To be absolutely truthful the new case is not exactly what I wanted.  Just as with my ideal watches I do have a list of requirements for my ideal case: double zippers (if that is what you call two zip heads on one zipper); a small zippered section on the front for keys; a section for papers; a padded section for a computer; rugged construction; little pockets and thingies for things; an overall look of subdued opulence.

Well I got most of what I wanted.  It was very, very difficult rejecting more expensive cases than the one I eventually bought.  This is a disturbing tendency which I will assiduously attempt to reverse when I next assay a purchase!

As I suppose is natural, the contents of the old briefcase will not fit into the new one.  The major problem, as I have always found is what I used to call a “pencil case” but which is now apparently called an “accessory case” – but it looks just the same and it doesn’t fit in the same way that these “cases” never do when you have all your bits and pieces in place in the briefcase.

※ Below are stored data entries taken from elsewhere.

lemma potential_le_kernel_plus_const:
  assumes "j \<le> n"
  obtains C where "\<And>k x t. config x \<Longrightarrow> k \<le> n \<Longrightarrow> x k < t \<Longrightarrow> t < x (Suc k) \<Longrightarrow>
    potential k x t \<le> R j (offset k j x t) + C"
proof -
  have "\<forall>i. \<exists>U. i \<le> n \<longrightarrow> (\<forall>s. 0 < s \<longrightarrow> s < 2*pi \<longrightarrow> R i s \<le> U)"
    using kernel_bdd_above by metis
  then obtain U where U: "\<And>i s. i \<le> n \<Longrightarrow> 0 < s \<Longrightarrow> s < 2*pi \<Longrightarrow> R i s \<le> U i"
    by metis
  show thesis
  proof (rule that[of "\<Sum>i\<in>{..n} - {j}. U i"])
    fix k x t assume gap: "config x" "k \<le> n" "x k < t" "t < x (Suc k)"
    note bounds = offset_bounds[OF config_imp_weak_config[OF gap(1)] gap(2) _ gap(3,4)]
    have "potential k x t = R j (offset k j x t) + (\<Sum>i\<in>{..n} - {j}. R i (offset k i x t))"
      unfolding potential_def using assms by (simp add: sum.remove)
    also have "\<dots> \<le> R j (offset k j x t) + (\<Sum>i\<in>{..n} - {j}. U i)"
      by (intro add_left_mono sum_mono) (use U bounds in auto)
    finally show "potential k x t \<le> R j (offset k j x t) + (\<Sum>i\<in>{..n} - {j}. U i)" .
  qed
qed

lemma potential_continuous:
  assumes "config x" "k \<le> n"
  shows "continuous_on {x k<..<x (Suc k)} (potential k x)"
  unfolding potential_def
proof (intro continuous_on_sum)
  fix j assume j: "j \<in> {..n}"
  have offset: "continuous_on {x k<..<x (Suc k)} (offset k j x)"
    unfolding offset_def by (cases "j \<le> k") (auto intro!: continuous_intros)
  show "continuous_on {x k<..<x (Suc k)} (\<lambda>t. R j (offset k j x t))"
    by (rule continuous_on_compose2[OF kernel_continuous[of j] offset])
      (use j offset_bounds[OF config_imp_weak_config[OF assms(1)] assms(2)] in auto)
qed

lemma potential_tendsto_at_right:
  assumes "config x" "k \<le> n"
  shows "filterlim (potential k x) at_bot (at_right (x k))"
proof -
  obtain C where C: "\<And>t. x k < t \<Longrightarrow> t < x (Suc k) \<Longrightarrow> potential k x t \<le> R k (t - x k) + C"
    using potential_le_kernel_plus_const[OF assms(2)] assms by (metis offset_def order_refl)
  have "filterlim (\<lambda>t. R k (t - x k)) at_bot (at_right (x k))"
    using kernel_tendsto_at_right_0[OF assms(2)]
    by (simp add: at_right_to_0[of "x k"] filterlim_filtermap)
  moreover have "eventually (\<lambda>t. potential k x t \<le> R k (t - x k) + C) (at_right (x k))"
    unfolding eventually_at_right_field using assms C by (auto simp: config_def)
  ultimately show ?thesis by (rule filterlim_at_bot_le_add_const)
qed

lemma potential_tendsto_at_left:
  assumes "config x" "k \<le> n"
  shows "filterlim (potential k x) at_bot (at_left (x (Suc k)))"
proof -
  define j where "j = (if k < n then Suc k else 0)"
  have j: "j \<le> n" using assms by (simp add: j_def)
  have "offset k j x t = t - x (Suc k) + 2*pi" for t
    using assms by (auto simp: offset_def j_def config_def)
  then obtain C where C: "\<And>t. x k < t \<Longrightarrow> t < x (Suc k) \<Longrightarrow>
      potential k x t \<le> R j (t - x (Suc k) + 2*pi) + C"
    using potential_le_kernel_plus_const[OF j] assms by metis
  have "filterlim (\<lambda>s. R j (s + 2*pi)) at_bot (at_left 0)"
    using kernel_tendsto_at_left_2pi[OF j]
    by (simp add: at_left_to_0[of "2*pi"] filterlim_filtermap)
  then have "filterlim (\<lambda>t. R j (t - x (Suc k) + 2*pi)) at_bot (at_left (x (Suc k)))"
    by (simp add: at_left_to_0[of "x (Suc k)"] filterlim_filtermap)
  moreover have
    "eventually (\<lambda>t. potential k x t \<le> R j (t - x (Suc k) + 2*pi) + C) (at_left (x (Suc k)))"
    unfolding eventually_at_left_field using assms C by (auto simp: config_def)
  ultimately show ?thesis by (rule filterlim_at_bot_le_add_const)
qed

lemma locmax_attained:
  assumes "config x" "k \<le> n"
  obtains t where "x k < t" "t < x (Suc k)" "locmax k x = potential k x t"
    "\<And>s. x k < s \<Longrightarrow> s < x (Suc k) \<Longrightarrow> potential k x s \<le> potential k x t"
proof -
  have "x k < x (Suc k)" using assms by (simp add: config_def)
  then obtain t where t: "x k < t" "t < x (Suc k)"
      "\<And>s. x k < s \<Longrightarrow> s < x (Suc k) \<Longrightarrow> potential k x s \<le> potential k x t"
    using continuous_attains_sup_open_interval potential_continuous potential_tendsto_at_right
      potential_tendsto_at_left assms by metis
  moreover have "locmax k x = potential k x t"
    unfolding locmax_def by (rule cSup_eq_maximum) (use t in auto)
  ultimately show thesis using that by blast
qed

lemma potential_le_locmax:
  "config x \<Longrightarrow> k \<le> n \<Longrightarrow> x k < t \<Longrightarrow> t < x (Suc k) \<Longrightarrow> potential k x t \<le> locmax k x"
  by (metis locmax_attained)

end

context kernel_family
begin

lemma config_convex_comb:
  assumes "config x" "config x'" "0 \<le> u" "0 \<le> v" "u + v = 1"
  shows "config (\<lambda>i. u * x i + v * x' i)"
proof -
  have "u * (2*pi) + v * (2*pi) = 2*pi" using assms(5) by (metis distrib_right mult_1)
  then show ?thesis
    using assms convex_comb_strict_mono[OF _ _ assms(3-5)] by (auto simp: config_def)
qed

lemma locmax_concave:
  assumes x: "config x" and x': "config x'" and uv: "0 \<le> u" "0 \<le> v" "u + v = 1" and k: "k \<le> n"
  shows "u * locmax k x + v * locmax k x' \<le> locmax k (\<lambda>i. u * x i + v * x' i)"
proof -
  have wx: "weak_config x" "weak_config x'" using x x' by (simp_all add: config_imp_weak_config)
  define z where "z = (\<lambda>i. u * x i + v * x' i)"
  obtain t where t: "x k < t" "t < x (Suc k)" "locmax k x = potential k x t"
    using locmax_attained[OF x k] by metis
  obtain t' where t': "x' k < t'" "t' < x' (Suc k)" "locmax k x' = potential k x' t'"
    using locmax_attained[OF x' k] by metis
  have v: "v = 1 - u" using uv by simp
  have offset_comb:
    "offset k j z (u * t + v * t') = u * offset k j x t + v * offset k j x' t'" for j
    unfolding offset_def z_def v by (simp add: algebra_simps)
  have "u * potential k x t + v * potential k x' t' =
      (\<Sum>j\<le>n. u * R j (offset k j x t) + v * R j (offset k j x' t'))"
    unfolding potential_def by (simp add: sum.distrib sum_distrib_left)
  also have "\<dots> \<le> (\<Sum>j\<le>n. R j (offset k j z (u * t + v * t')))"
  proof (intro sum_mono)
    fix j assume j: "j \<in> {..n}"
    have "offset k j x t \<in> {0<..<2*pi}" "offset k j x' t' \<in> {0<..<2*pi}"
      using offset_bounds[OF wx(1) k _ t(1,2)] offset_bounds[OF wx(2) k _ t'(1,2)] j by auto
    then show "u * R j (offset k j x t) + v * R j (offset k j x' t') \<le>
        R j (offset k j z (u * t + v * t'))"
      using kernel_concave[of j] j uv unfolding concave_on_iff offset_comb by auto
  qed
  also have "\<dots> \<le> locmax k z"
    unfolding potential_def[symmetric] z_def
    by (intro potential_le_locmax config_convex_comb convex_comb_strict_mono)
      (use x x' uv k t t' in auto)
  finally show ?thesis using t t' unfolding z_def by simp
qed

Dinner this evening was in a second choice restaurant with first class food.  We decided to have three tapas: patatas bravas; pinchos, and anchovies in light batter – looking like large white bait.  The wine was superb (the waiter virtually refused to give us gaseosa saying that the wine could not be diluted as it was too good) and, as usual, I had forgotten my phone to take a photograph of the label!

The waiter was someone we knew from the restaurant at the end of the road on the beach and he offered us a glass of Cava which was from the same house as the red wine: delicious.  The name was Castelo de Pedregosa and it is a label that I shall look out for, especially in Cava!
 
The excellent meal for two of us was €29 – a real bargain.

And tomorrow is Friday.  Life is sometimes, well, satisfactory!